Barnea told me I had the wrong man. The lucky one in the Levant is Mahmoud Abbas, president of the Palestinian Authority. “Abu Mazen is quite happy with the status quo,” Barnea said. “The West Bank standard of living is improving, law and order is improving. He’s a head of state with none of the responsibilities of a head of state.”

If one were looking for proof of this proposition, then one need only examine Fatah’s sixth general assembly, which concluded two weeks ago in Bethlehem but received scant media coverage in the West and drew not a word from the Israeli government in response.

Though this was the first general assembly Fatah convened in twenty years, only two significant votes were taken: the first established that Israel was responsible for the death of Fatah’s heroic founder Yasser Arafat (even if no one could quite explain how Israel killed him); the second was that Abbas would remain president of both the PA and Fatah.

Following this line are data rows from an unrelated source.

lemma part_entropy_same_blocks:
  assumes fin: "finite R" "finite K"
    and disj: "disjoint_family_on P R" "disjoint_family_on C K"
    and PC: "\<And>r. r \<in> R \<Longrightarrow> P r \<noteq> {} \<Longrightarrow> \<exists>k\<in>K. P r \<subseteq> C k"
    and CP: "\<And>k. k \<in> K \<Longrightarrow> C k \<noteq> {} \<Longrightarrow> \<exists>r\<in>R. C k \<subseteq> P r"
  shows "part_entropy M P R = part_entropy M C K"
proof -
  have "(\<Sum>r\<in>R. xlnx (measure M (P r))) = (\<Sum>r\<in>R. \<Sum>k\<in>K. xlnx (measure M (P r \<inter> C k)))"
  proof (intro sum.cong refl)
    fix r assume "r \<in> R"
    then show "xlnx (measure M (P r)) = (\<Sum>k\<in>K. xlnx (measure M (P r \<inter> C k)))"
      using PC[of r] sum_xlnx_inside_block[OF fin(2) disj(2)] by (cases "P r = {}") auto
  qed
  also have "\<dots> = (\<Sum>k\<in>K. \<Sum>r\<in>R. xlnx (measure M (C k \<inter> P r)))"
    by (subst sum.swap) (simp add: Int_commute)
  also have "\<dots> = (\<Sum>k\<in>K. xlnx (measure M (C k)))"
  proof (intro sum.cong refl)
    fix k assume "k \<in> K"
    then show "(\<Sum>r\<in>R. xlnx (measure M (C k \<inter> P r))) = xlnx (measure M (C k))"
      using CP[of k] sum_xlnx_inside_block[OF fin(1) disj(1)] by (cases "C k = {}") auto
  qed
  finally show ?thesis by (simp add: part_entropy_xlnx)
qed

(* Without atoms the distribution function of the identity is continuous, so it attains
   every value strictly between 0 and 1. *)
lemma nonatomic_quantile:
  fixes M :: "real measure"
  assumes "prob_space M" "(\<lambda>x. x) \<in> borel_measurable M" "\<And>p. measure M {p} = 0"
    and y: "0 < y" "y < 1"
  shows "\<exists>t. measure M {\<omega>\<in>space M. \<omega> \<le> t} = y"
proof -
  let ?D = "distr M borel (\<lambda>x. x)"
  interpret D: real_distribution ?D
    using assms(1,2)
    by (simp add: real_distribution_def real_distribution_axioms_def prob_space.prob_space_distr)
  have measure_D: "measure ?D A = measure M {\<omega>\<in>space M. \<omega> \<in> A}" if "A \<in> sets borel" for A
    using that assms(2) by (simp add: measure_distr vimage_def Int_def conj_commute)
  have "{\<omega>\<in>space M. \<omega> \<in> {t}} = (if t \<in> space M then {t} else {})" for t
    by auto
  then have "isCont (cdf ?D) t" for t
    using measure_D[of "{t}"] assms(3)[of t] by (simp add: D.isCont_cdf)
  moreover obtain a where "cdf ?D a < y"
    using order_tendstoD(2)[OF D.cdf_lim_at_bot y(1)] by (auto simp: eventually_at_bot_linorder)
  moreover obtain b where "y < cdf ?D b" "a \<le> b"
    using order_tendstoD(1)[OF D.cdf_lim_at_top_prob y(2)]
    by (auto simp: eventually_at_top_linorder) (metis linorder_le_cases order_refl)
  ultimately obtain t where "cdf ?D t = y"
    using IVT[of "cdf ?D" a y b] by (auto intro: less_imp_le)
  then show ?thesis using measure_D[of "{..t}"] by (auto simp: cdf_def)
qed

lemma equal_mass_cuts:
  fixes M :: "real measure"
  assumes "prob_space M" and id_borel: "(\<lambda>x. x) \<in> borel_measurable M" and "\<And>p. measure M {p} = 0"
  shows "\<exists>c. (\<forall>k l. k < l \<and> l \<le> n \<longrightarrow> c k < c l) \<and>
    (\<forall>k\<le>n. measure M {\<omega>\<in>space M. \<omega> \<le> c k} = (real k + 1) / (real n + 2))"
proof -
  have "\<forall>k. \<exists>t. k \<le> n \<longrightarrow> measure M {\<omega>\<in>space M. \<omega> \<le> t} = (real k + 1) / (real n + 2)"
    using nonatomic_quantile[OF assms] by simp
  then obtain c where c: "\<And>k. k \<le> n \<Longrightarrow> measure M {\<omega>\<in>space M. \<omega> \<le> c k} = (real k + 1) / (real n + 2)"
    by metis
  have "c k < c l" if "k < l" "l \<le> n" for k l
  proof (rule ccontr)
    assume "\<not> c k < c l"
    moreover have [measurable]: "(\<lambda>x. x) \<in> borel_measurable M" by (fact id_borel)
    ultimately have "measure M {\<omega>\<in>space M. \<omega> \<le> c l} \<le> measure M {\<omega>\<in>space M. \<omega> \<le> c k}"
      using assms(1) by (intro prob_space.finite_measure finite_measure.finite_measure_mono) auto
    moreover have "(real k + 1) / (real n + 2) < (real l + 1) / (real n + 2)"
      using that by (intro divide_strict_right_mono) auto
    ultimately show False using c[of k] c[of l] that by simp
  qed
  then show ?thesis using c by blast
qed

lemma crossing_index:
  fixes c :: "nat \<Rightarrow> real"
  shows "c 0 < u \<Longrightarrow> u \<le> c n \<Longrightarrow> \<exists>p<n. c p < u \<and> u \<le> c (Suc p)"
proof (induction n)
  case (Suc n)
  then show ?case by (cases "u \<le> c n") (auto intro: less_SucI)
qed simp

lemma cells_between_or_adjacent:
  fixes c :: "nat \<Rightarrow> real"
  assumes mono: "\<forall>k l. k < l \<and> l \<le> n \<longrightarrow> c k < c l" and "2 \<le> n"
    and "c 0 < u" "u \<le> v" "v \<le> c n"
  shows "(\<exists>j<n. u \<le> c j \<and> c (Suc j) < v) \<or> (\<exists>k<n - 1. c k < u \<and> v \<le> c (k + 2))"
proof -
  obtain p where p: "p < n" "c p < u" "u \<le> c (Suc p)"
    using crossing_index[of c u n] assms by force
  show ?thesis
  proof (cases "Suc (Suc p) \<le> n")
    case True
    show ?thesis
    proof (cases "c (Suc (Suc p)) < v")
      case True
      then show ?thesis using p \<open>Suc (Suc p) \<le> n\<close> by (intro disjI1 exI[of _ "Suc p"]) auto
    next
      case False
      then show ?thesis
        using p \<open>Suc (Suc p) \<le> n\<close> by (intro disjI2 exI[of _ p]) (auto simp: numeral_2_eq_2)
    qed
  next
    case False
    then have "Suc p = n" "1 \<le> p" using p \<open>2 \<le> n\<close> by auto
    moreover have "c (p - 1) < c p" using mono \<open>1 \<le> p\<close> \<open>p < n\<close> by simp
    moreover have "p - 1 + 2 = n" "p - 1 < n - 1" using \<open>Suc p = n\<close> \<open>1 \<le> p\<close> by auto
    ultimately show ?thesis using p assms(5)
      by (intro disjI2 exI[of _ "p - 1"]) auto
  qed
qed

As Micah Halpern observed, “the vote was only in the affirmative and it was conducted by a show of hands. The intention was to make it impossible to gauge how many people neglected to raise their hands and who they are.” Other resolutions passed included the “red line” demand for a united Jerusalem — that is, as the capital of any future Palestinian state — and the endorsement of Fatah’s official armed wing, the Al Aqsa Martyrs’ Brigade, which, since the beginning of the second intifada in 2000, has killed dozens of Israelis in terrorist attacks and suicide bombings. Also dead at their hands, Mohammed Dahlan, Fatah’s former security commander in Gaza, who blamed his party’s political leadership for a failure to prevent Hamas’s 2007 coup in the Strip.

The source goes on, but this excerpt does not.